The African Continental Free Trade Area Secretariat, the Bank of Ghana, the Foreign, Commonwealth & Development Office, and ODI Global have marked the soft launch of Neofingo, a digital trade finance corridor designed to simplify and accelerate access to cross-border trade finance for African small and medium-sized enterprises (SMEs).
The initiative introduces what stakeholders describe as a “jointly governed protocol” linking UK digital finance actors with African fintech ecosystems through an AI-enabled and validated digital letter of credit, in a move intended to modernise trade documentation and reduce frictions that continue to constrain intra-African and international commerce.
The launch highlights persistent inefficiencies in traditional paper-based trade finance systems, which continue to constrain African businesses, particularly SMEs. Conventional letter-of-credit processes have long been associated with documentation delays, manual errors, high processing costs, and limited accessibility for smaller firms seeking to participate in regional and global trade.

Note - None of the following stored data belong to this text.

lemma ex1_stationary:
  assumes "stochastic_matrix Q" and "irreducible_chain Q"
  shows "\<exists>!p. is_stationary Q p"
  using stationary_exists stationary_unique assms by blast

lemma jprob_nonneg:
  assumes "is_joint_policy A mu"
  shows "jprob mu s a \<ge> 0"
  using assms by (auto simp: jprob_def is_joint_policy_def is_policy_def intro!: prod_nonneg)

lemma sum_jprob:
  assumes "\<And>i. finite (A i)" and "is_joint_policy A mu"
  shows "(\<Sum>a\<in>joint_actions A. jprob mu s a) = 1"
proof -
  have "(\<Sum>a\<in>joint_actions A. jprob mu s a) = (\<Prod>i\<in>UNIV. \<Sum>b\<in>A i. mu i s b)"
    unfolding jprob_def joint_actions_def using assms(1) by (simp add: prod_sum_PiE)
  also have "\<dots> = 1"
    using assms(2) by (simp add: is_joint_policy_def is_policy_def)
  finally show ?thesis .
qed

lemma stochastic_matrix_Pmu:
  assumes game: "valid_game A P" and pol: "is_joint_policy A mu"
  shows "stochastic_matrix (Pmu A P mu)"
proof -
  have fin: "\<And>i. finite (A i)"
    using game by (simp add: valid_game_def)
  have "(\<Sum>s'\<in>UNIV. Pmu A P mu s s') = 1" for s
  proof -
    have "(\<Sum>s'\<in>UNIV. Pmu A P mu s s')
        = (\<Sum>a\<in>joint_actions A. jprob mu s a * (\<Sum>s'\<in>UNIV. P s a s'))"
      unfolding Pmu_def by (subst sum.swap) (simp add: sum_distrib_left)
    also have "\<dots> = (\<Sum>a\<in>joint_actions A. jprob mu s a)"
      using game by (simp add: valid_game_def)
    finally show ?thesis
      using sum_jprob[OF fin pol] by simp
  qed
  moreover have "Pmu A P mu s s' \<ge> 0" for s s'
    using game jprob_nonneg[OF pol]
    by (auto simp: Pmu_def valid_game_def intro!: sum_nonneg mult_nonneg_nonneg)
  ultimately show ?thesis
    by (simp add: stochastic_matrix_def)
qed

lemma stat_dist_stationary:
  assumes "valid_game A P" and "is_joint_policy A mu" and "irreducible_chain (Pmu A P mu)"
  shows "is_stationary (Pmu A P mu) (stat_dist A P mu)"
  unfolding stat_dist_def
  using ex1_stationary[OF stochastic_matrix_Pmu[OF assms(1,2)] assms(3)] by (rule theI')

definition stationary_mean ::
  "('i::finite \<Rightarrow> 'b set) \<Rightarrow> ('s::finite \<Rightarrow> ('i \<Rightarrow> 'b) \<Rightarrow> 's \<Rightarrow> real)
     \<Rightarrow> ('i \<Rightarrow> 's \<Rightarrow> 'b \<Rightarrow> real) \<Rightarrow> ('s \<Rightarrow> ('i \<Rightarrow> 'b) \<Rightarrow> real) \<Rightarrow> real" where
  "stationary_mean A P mu g =
     (\<Sum>s\<in>UNIV. stat_dist A P mu s * (\<Sum>a\<in>joint_actions A. jprob mu s a * g s a))"

lemma eta_eq_stationary_mean: "eta A P r mu = stationary_mean A P mu r"
  by (simp add: eta_def stationary_mean_def)

lemma zeta_eq_stationary_mean:
  "zeta A P r mu = stationary_mean A P mu (\<lambda>s a. (r s a - eta A P r mu)\<^sup>2)"
  by (simp add: zeta_def stationary_mean_def)

lemma stationary_mean_add:
  "stationary_mean A P mu (\<lambda>s a. g s a + h s a) = stationary_mean A P mu g + stationary_mean A P mu h"
  by (simp add: stationary_mean_def distrib_left sum.distrib)

lemma stationary_mean_diff:
  "stationary_mean A P mu (\<lambda>s a. g s a - h s a) = stationary_mean A P mu g - stationary_mean A P mu h"
  by (simp add: stationary_mean_def right_diff_distrib sum_subtractf)

lemma stationary_mean_cmult:
  "stationary_mean A P mu (\<lambda>s a. c * g s a) = c * stationary_mean A P mu g"
  by (simp add: stationary_mean_def sum_distrib_left mult.left_commute)

lemma stationary_mean_state_fun:
  assumes "\<And>i. finite (A i)" and "is_joint_policy A mu"
  shows "stationary_mean A P mu (\<lambda>s a. h s) = (\<Sum>s\<in>UNIV. stat_dist A P mu s * h s)"
  using sum_jprob[OF assms] by (simp add: stationary_mean_def mult.commute flip: sum_distrib_left)

lemma stationary_mean_const:
  assumes "valid_game A P" and "is_joint_policy A mu" and "irreducible_chain (Pmu A P mu)"
  shows "stationary_mean A P mu (\<lambda>s a. c) = c"
proof -
  have "(\<Sum>s\<in>UNIV. stat_dist A P mu s) = 1"
    using stat_dist_stationary[OF assms] by (simp add: is_stationary_def)
  then show ?thesis
    using assms(1,2) by (simp add: stationary_mean_state_fun valid_game_def flip: sum_distrib_right)
qed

The proposed Neofingo framework is designed to help digitise trade documentation and compliance processes, support programmable digital letters of credit for SMEs, and create more interoperable financial messaging and audit systems across jurisdictions. The initiative is also intended to align with evolving legal and digital trade frameworks in both the UK and Africa, including infrastructure linked to the AfCFTA and Ghana’s fintech regulatory environment.

Stakeholders behind the initiative position it as a practical intervention to address long-standing structural barriers in trade finance, especially for smaller exporters that often struggle to meet the requirements of traditional banking channels. ODI notes that Africa continues to face a substantial trade finance shortfall, with an estimated $120 billion in viable trade going unfunded each year, underscoring the scale of the access challenge confronting businesses across the continent.

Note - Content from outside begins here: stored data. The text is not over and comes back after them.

lemma renyi_div_le_of_powr_le:
  fixes P Q :: "'a \<Rightarrow> real" and C :: real
  assumes "\<alpha> > 1" "finite Out" "\<And>x. x \<in> Out \<Longrightarrow> 0 \<le> P x"
    and bound: "\<And>x. x \<in> Out \<Longrightarrow> P x powr \<alpha> \<le> C * Q x powr (\<alpha> - 1)"
    and "1 \<le> real (card Out) * C"
  shows "renyi_div \<alpha> Out P Q \<le> ereal (ln (real (card Out) * C) / (\<alpha> - 1))"
proof -
  let ?S = "\<Sum>x \<in> {x \<in> Out. Q x > 0}. Q x * (P x / Q x) powr \<alpha>"
  have "C > 0"
  proof (rule ccontr)
    assume "\<not> C > 0"
    then have "real (card Out) * C \<le> 0" by (simp add: mult_nonneg_nonpos)
    with assms(5) show False by simp
  qed
  have abs_cont: "\<not> (\<exists>x\<in>Out. P x > 0 \<and> Q x = 0)"
    using bound assms(1) by fastforce
  have term_le: "Q x * (P x / Q x) powr \<alpha> \<le> C" if "x \<in> Out" "Q x > 0" for x
  proof -
    have "Q x * (P x / Q x) powr \<alpha> = P x powr \<alpha> / Q x powr (\<alpha> - 1)"
      using that assms(3) by (simp add: powr_divide powr_diff field_simps)
    also have "\<dots> \<le> C"
      using bound[OF that(1)] that(2) by (simp add: divide_le_eq)
    finally show ?thesis .
  qed
  have "?S \<le> real (card {x \<in> Out. Q x > 0}) * C"
    using term_le by (intro sum_bounded_above) auto
  also have "\<dots> \<le> real (card Out) * C"
    using assms(2) \<open>C > 0\<close> by (intro mult_right_mono) (auto intro: card_mono)
  finally have S_le: "?S \<le> real (card Out) * C" .
  have "ln ?S / (\<alpha> - 1) \<le> ln (real (card Out) * C) / (\<alpha> - 1)"
  proof (cases "?S > 0")
    case True
    then show ?thesis using S_le assms(1) by (intro divide_right_mono) auto
  next
    case False
    moreover have "?S \<ge> 0" by (intro sum_nonneg) auto
    ultimately have "ln ?S = 0" by simp
    then show ?thesis using assms(1,5) by simp
  qed
  then show ?thesis
    using abs_cont unfolding renyi_div_def by simp
qed

section \<open>Report noisy max with Gaussian noise\<close>

lemma hcount_add_mset: "hcount (add_mset S D) i = hcount D i + (if i \<in> S then 1 else 0)"
  by (simp add: hcount_def)

lemma hsorted_add_mset:
  assumes "j \<in> {1..m}"
  shows "hsorted m D j \<le> hsorted m (add_mset S D) j"
    and "hsorted m (add_mset S D) j \<le> hsorted m D j + 1"
proof -
  let ?xs = "map (hcount D) [0..<m]" and ?ys = "map (hcount (add_mset S D)) [0..<m]"
  have hsorted_eq: "hsorted m D' j = sort (map (hcount D') [0..<m]) ! (m - j)" for D'
    unfolding hsorted_def using assms by (subst rev_nth) (auto simp: Suc_diff_le)
  have "m - j < m" using assms by auto
  then show "hsorted m D j \<le> hsorted m (add_mset S D) j"
    and "hsorted m (add_mset S D) j \<le> hsorted m D j + 1"
    unfolding hsorted_eq
    using sort_nth_le_mono[of id ?ys ?xs "m - j"] sort_nth_le_mono[of "\<lambda>x. x + 1" ?xs ?ys "m - j"]
    by (simp_all add: mono_def hcount_add_mset)
qed

definition gap :: "nat \<Rightarrow> dataset \<Rightarrow> nat \<Rightarrow> real" where
  "gap m D j = real (hsorted m D j) - real (hsorted m D (j + 1))"

lemma gap_add_mset:
  assumes "j \<in> {1..m-1}"
  shows "\<bar>gap m (add_mset S D) j - gap m D j\<bar> \<le> 1"
proof -
  have "j \<in> {1..m}" "j + 1 \<in> {1..m}" using assms by auto
  then have "real (hsorted m D i) \<le> real (hsorted m (add_mset S D) i)"
    "real (hsorted m (add_mset S D) i) \<le> real (hsorted m D i + 1)" if "i \<in> {j, j + 1}" for i
    using that hsorted_add_mset[where j = i and D = D and S = S and m = m] by auto
  then show ?thesis
    unfolding gap_def abs_le_iff by fastforce
qed

lemma gap_neighbors:
  assumes "neighbors m D D'" "j \<in> {1..m-1}"
  shows "\<bar>gap m D' j - gap m D j\<bar> \<le> 1"
proof -
  obtain S where "D' = add_mset S D \<or> D = add_mset S D'"
    using assms(1) by (auto simp: neighbors_def)
  then show ?thesis
    using gap_add_mset[OF assms(2)] by (auto simp: abs_minus_commute)
qed

lemma rnm_argmax_eq_least_argmax: "rnm_argmax m D z = least_argmax {1..m-1} (rnm_score m D z)"
  by (simp add: rnm_argmax_def least_argmax_def)

lemma rnm_score_eq_gap: "rnm_score m D z j = gap m D j + z j"
  by (simp add: rnm_score_def gap_def)

lemma rnm_argmax_in_range:
  assumes "m \<ge> 2"
  shows "rnm_argmax m D z \<in> {1..m-1}"
  using least_argmax_eq_iff[of "{1..m-1}" "rnm_score m D z" "rnm_argmax m D z"] assms
  unfolding rnm_argmax_eq_least_argmax by auto

text \<open>Each gap moves by at most 1, so the lead of k over any competitor shrinks by at most 2.\<close>
lemma rnm_argmax_neighbors_shift:
  assumes "m \<ge> 2" "neighbors m D D'" "rnm_argmax m D z = k"
  shows "rnm_argmax m D' (z(k := z k + 2)) = k"
proof -
  let ?I = "{1..m-1}"
  have k: "k \<in> ?I" using rnm_argmax_in_range[OF assms(1)] assms(3) by blast
  have shift: "rnm_score m D' (z(k := z k + 2)) i - rnm_score m D' (z(k := z k + 2)) k
      \<le> rnm_score m D z i - rnm_score m D z k" if "i \<in> ?I" "i \<noteq> k" for i
  proof -
    have "gap m D' i \<le> gap m D i + 1" "gap m D k - 1 \<le> gap m D' k"
      using gap_neighbors[OF assms(2) that(1)] gap_neighbors[OF assms(2) k] by (simp_all add: abs_le_iff)
    then show ?thesis using that(2) by (simp add: rnm_score_eq_gap)
  qed
  have "least_argmax ?I (rnm_score m D z) = k"
    using assms(3) by (simp add: rnm_argmax_eq_least_argmax)
  moreover have "finite ?I" "?I \<noteq> {}" using assms(1) by auto
  ultimately show ?thesis
    unfolding rnm_argmax_eq_least_argmax using least_argmax_stable shift by blast
qed

lemma prob_space_noise: "\<sigma> > 0 \<Longrightarrow> prob_space (noise m \<sigma>)"
  unfolding noise_def by (rule prob_space_PiM) (simp add: prob_space_normal_density)

lemma space_noise: "space (noise m \<sigma>) = PiE {1..m-1} (\<lambda>_. UNIV)"
  by (simp add: noise_def space_PiM)

lemma noise_component_measurable[measurable]: "(\<lambda>z. z i) \<in> borel_measurable (noise m \<sigma>)"
proof (cases "i \<in> {1..m-1}")
  case True
  then have "(\<lambda>z. z i) \<in> measurable (noise m \<sigma>) (density lborel (normal_density 0 \<sigma>))"
    unfolding noise_def by (rule measurable_component_singleton)
  then show ?thesis
    using measurable_cong_sets[OF refl, of "density lborel (normal_density 0 \<sigma>)" borel] by simp
next
  case False
  then have "z i = undefined" if "z \<in> space (noise m \<sigma>)" for z
    using that by (auto simp: space_noise PiE_iff extensional_def)
  then show ?thesis
    using measurable_cong[of "noise m \<sigma>" "\<lambda>z. z i" "\<lambda>_. undefined" borel] by simp
qed

lemma distr_noise_shift:
  assumes "\<sigma> > 0" "k \<in> {1..m-1}"
  shows "distr (noise m \<sigma>) (noise m \<sigma>) (\<lambda>z. z(k := z k + a))
       = density (noise m \<sigma>) (\<lambda>z. ennreal (normal_shift_ratio a \<sigma> (z k)))"
proof -
  let ?N = "\<lambda>\<mu>. density lborel (normal_density \<mu> \<sigma>)"
  have "distr (?N 0) (?N 0) (\<lambda>x. x + a) = distr (?N 0) lborel (\<lambda>x. x + a)"
    by (rule distr_cong) auto
  then have "distr (noise m \<sigma>) (noise m \<sigma>) (\<lambda>z. z(k := z k + a)) = PiM {1..m-1} ((\<lambda>_. ?N 0)(k := ?N a))"
    using distr_PiM_fun_upd[of "{1..m-1}" k "\<lambda>_. ?N 0" "\<lambda>x. x + a"] assms
    by (simp add: noise_def prob_space_normal_density distr_normal_density_add)
  also have "\<dots> = density (noise m \<sigma>) (\<lambda>z. ennreal (normal_shift_ratio a \<sigma> (z k)))"
    using density_PiM_component[of "{1..m-1}" k "\<lambda>_. ?N 0" "\<lambda>x. ennreal (normal_shift_ratio a \<sigma> x)"] assms
    by (simp add: noise_def prob_space_normal_density density_normal_shift_ratio)
  finally show ?thesis .
qed

lemma nn_integral_noise_shift_ratio_powr:
  assumes "\<sigma> > 0" "k \<in> {1..m-1}"
  shows "(\<integral>\<^sup>+ z. ennreal (normal_shift_ratio a \<sigma> (z k) powr p) \<partial>noise m \<sigma>)
       = ennreal (exp (p * (p - 1) * a\<^sup>2 / (2 * \<sigma>\<^sup>2)))"
proof -
  let ?N = "density lborel (normal_density 0 \<sigma>)"
  have "distr (noise m \<sigma>) ?N (\<lambda>z. z k) = ?N"
    unfolding noise_def using assms by (intro distr_PiM_component) (auto simp: prob_space_normal_density)
  moreover have "(\<lambda>z. z k) \<in> measurable (noise m \<sigma>) ?N"
    unfolding noise_def using assms(2) by (rule measurable_component_singleton)
  ultimately show ?thesis
    using nn_integral_distr[of "\<lambda>z. z k" "noise m \<sigma>" ?N "\<lambda>x. ennreal (normal_shift_ratio a \<sigma> x powr p)"]
      nn_integral_normal_shift_ratio_powr[OF assms(1)]
    by simp
qed

lemma rnm_score_measurable[measurable]: "(\<lambda>z. rnm_score m D z i) \<in> borel_measurable (noise m \<sigma>)"
  unfolding rnm_score_def by measurable

lemma rnm_argmax_measurable: "rnm_argmax m D \<in> measurable (noise m \<sigma>) (count_space UNIV)"
proof -
  have [measurable]: "Measurable.pred (noise m \<sigma>) (\<lambda>z. rnm_score m D z i \<le> rnm_score m D z j)" for i j
    unfolding pred_def by (rule borel_measurable_le) measurable
  show ?thesis
    unfolding rnm_argmax_def by measurable
qed

lemma rnm_gauss_powr_le:
  assumes "m \<ge> 2" "\<sigma> > 0" "\<alpha> > 1" "neighbors m D D'" "k \<in> {1..m-1}"
  shows "rnm_gauss m \<sigma> D k powr \<alpha> \<le> exp (2 * \<alpha> * (\<alpha> - 1) / \<sigma>\<^sup>2) * rnm_gauss m \<sigma> D' k powr (\<alpha> - 1)"
proof -
  interpret prob_space "noise m \<sigma>" using prob_space_noise[OF assms(2)] .
  let ?\<mu> = "noise m \<sigma>" and ?T = "\<lambda>z. z(k := z k + 2)"
  let ?A = "{z \<in> space ?\<mu>. rnm_argmax m D z = k}" and ?B = "{z \<in> space ?\<mu>. rnm_argmax m D' z = k}"
  let ?g = "\<lambda>z. normal_shift_ratio 2 \<sigma> (z k)"
  have B: "?B \<in> sets ?\<mu>"
    using rnm_argmax_measurable by measurable
  have T: "?T \<in> measurable ?\<mu> ?\<mu>"
    unfolding noise_def using assms(5) by (intro measurable_PiM_fun_upd) auto
  have "?A \<subseteq> ?T -` ?B \<inter> space ?\<mu>"
    using rnm_argmax_neighbors_shift[OF assms(1,4)] measurable_space[OF T] by auto
  then have "rnm_gauss m \<sigma> D k \<le> measure ?\<mu> (?T -` ?B \<inter> space ?\<mu>)"
    unfolding rnm_gauss_def using B T by (intro finite_measure_mono) auto
  also have "\<dots> = measure (distr ?\<mu> ?\<mu> ?T) ?B"
    using T B by (rule measure_distr[symmetric])
  also have "\<dots> = measure (density ?\<mu> ?g) ?B"
    by (simp add: distr_noise_shift[OF assms(2,5)])
  finally have "rnm_gauss m \<sigma> D k powr \<alpha> \<le> measure (density ?\<mu> ?g) ?B powr \<alpha>"
    using assms(3) by (intro powr_mono2) (auto simp: rnm_gauss_def)
  also have "\<dots> \<le> exp (2 * \<alpha> * (\<alpha> - 1) / \<sigma>\<^sup>2) * measure ?\<mu> ?B powr (\<alpha> - 1)"
  proof (rule measure_density_powr_le)
    show "(\<integral>\<^sup>+ z. ennreal (?g z powr \<alpha>) \<partial>?\<mu>) = ennreal (exp (2 * \<alpha> * (\<alpha> - 1) / \<sigma>\<^sup>2))"
      using nn_integral_noise_shift_ratio_powr[OF assms(2,5), of 2 \<alpha>] by (simp add: power2_eq_square)
    show "?g \<in> borel_measurable ?\<mu>" by measurable
  qed (use assms B in \<open>auto simp: finite_measure_axioms less_imp_le[OF normal_shift_ratio_pos]\<close>)
  finally show ?thesis by (simp add: rnm_gauss_def)
qed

The development also reflects Ghana’s policy push toward digitalisation in cross-border trade and payments. In 2024, the Bank of Ghana announced the successful completion of a proof of concept involving the use of digital credentials for international trade and cross-border payments, highlighting the increasing institutional support for technology-enabled trade systems and financial infrastructure reform.

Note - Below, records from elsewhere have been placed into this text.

lemma F_K_has_real_derivative:
  assumes K: "symmetric_convex_body n K" and m: "m > 0"
  shows "(F_K n K has_real_derivative
    (\<integral>y. scaled_gauss_density_deriv n m y * indicator (body_coords n K) y \<partial>lborel_Pi n)) (at m)"
proof -
  let ?S = "body_coords n K"
  obtain Q where Q: "\<And>y. y \<in> ?S \<Longrightarrow> sqnorm n y \<le> Q"
    using body_coords_sqnorm_bounded[OF symmetric_convex_bodyD(1)[OF K]] by blast
  have [measurable]: "?S \<in> sets (lborel_Pi n)"
    using sets_body_coords[OF symmetric_convex_bodyD(2)[OF K]] by auto
  have int_S: "integrable (lborel_Pi n) (\<lambda>y. c * indicator ?S y)" for c :: real
    using emeasure_body_coords_finite[OF symmetric_convex_bodyD(1)[OF K]]
    by (simp add: integrable_real_indicator)
  have "((\<lambda>t. \<integral>y. scaled_gauss_density n t y * indicator ?S y \<partial>lborel_Pi n) has_real_derivative
      (\<integral>y. scaled_gauss_density_deriv n m y * indicator ?S y \<partial>lborel_Pi n)) (at m)"
  proof (rule has_real_derivative_integral_dominated[where r = "m/2"
        and w = "\<lambda>y. (2 * real n / m + 2 * m * Q) * (2 * m) ^ n * indicator ?S y"])
    show "integrable (lborel_Pi n) (\<lambda>y. scaled_gauss_density n t y * indicator ?S y)"
      if "\<bar>t - m\<bar> < m / 2" for t
    proof (rule Bochner_Integration.integrable_bound[OF int_S[of "(t / sqrt (2 * pi)) ^ n"]])
      have "t > 0" using that by linarith
      then show "AE y in lborel_Pi n. norm (scaled_gauss_density n t y * indicator ?S y)
          \<le> norm ((t / sqrt (2 * pi)) ^ n * indicator ?S y)"
        using scaled_gauss_density_le scaled_gauss_density_nonneg by (auto simp: indicator_def)
    qed measurable
    show "((\<lambda>t. scaled_gauss_density n t y * indicator ?S y) has_real_derivative
        scaled_gauss_density_deriv n t y * indicator ?S y) (at t)" if "\<bar>t - m\<bar> < m / 2" for y t
      using that by (intro DERIV_cmult_right has_real_derivative_scaled_gauss_density) linarith
    show "\<bar>scaled_gauss_density_deriv n t y * indicator ?S y\<bar>
        \<le> (2 * real n / m + 2 * m * Q) * (2 * m) ^ n * indicator ?S y" if "\<bar>t - m\<bar> < m / 2" for y t
    proof (cases "y \<in> ?S")
      case True
      have "m / 2 \<le> t" "t \<le> 2 * m" using that abs_less_iff[of "t - m" "m / 2"] by linarith+
      then show ?thesis using abs_scaled_gauss_density_deriv_le[OF m _ _ Q[OF True]] True by simp
    qed simp
  qed (use m int_S in auto)
  then show ?thesis
    by (rule has_field_derivative_transform_within_open[of _ _ _ "{0<..}"])
      (use m F_K_eq_integral[OF K] in auto)
qed

lemma vartheta_eq_expectation:
  assumes K: "symmetric_convex_body n K" and m: "m > 0"
  shows "vartheta n K m
    = (\<integral>z. indicator (body_coords n K) (divide_coords n m z) * (n - sqnorm n z) \<partial>gauss_space n)"
proof -
  let ?S = "body_coords n K"
  have [measurable]: "?S \<in> sets (lborel_Pi n)"
    using sets_body_coords[OF symmetric_convex_bodyD(2)[OF K]] by auto
  have "vartheta n K m = m * (\<integral>y. scaled_gauss_density_deriv n m y * indicator ?S y \<partial>lborel_Pi n)"
    unfolding vartheta_def using DERIV_imp_deriv[OF F_K_has_real_derivative[OF K m]] by simp
  also have "\<dots> = (\<integral>y. scaled_gauss_density n m y * (indicator ?S y * (n - m\<^sup>2 * sqnorm n y))
      \<partial>lborel_Pi n)"
    using m by (simp add: scaled_gauss_density_deriv_def field_simps power2_eq_square)
  also have "\<dots> = (\<integral>z. indicator ?S (divide_coords n m z) * (n - m\<^sup>2 * sqnorm n (divide_coords n m z))
      \<partial>gauss_space n)"
    using m by (intro integral_scaled_gauss_density) auto
  also have "\<dots> = (\<integral>z. indicator ?S (divide_coords n m z) * (n - sqnorm n z) \<partial>gauss_space n)"
    using m by (simp add: sqnorm_divide_coords)
  finally show ?thesis .
qed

Neofingo is expected to contribute to ongoing efforts to make AfCFTA implementation more commercially meaningful for businesses by reducing transaction friction, improving trust and verification in trade processes, and expanding access to formal financing tools that have historically been difficult for SMEs to obtain.
The soft launch, therefore, positions Neofingo not merely as a fintech innovation but as an institutional and regulatory experiment in building more accessible trade infrastructure. If scaled effectively, it could support efforts to narrow sub-Saharan Africa’s trade finance gap while advancing a more inclusive and digitally enabled model of cross-border commerce under the AfCFTA framework.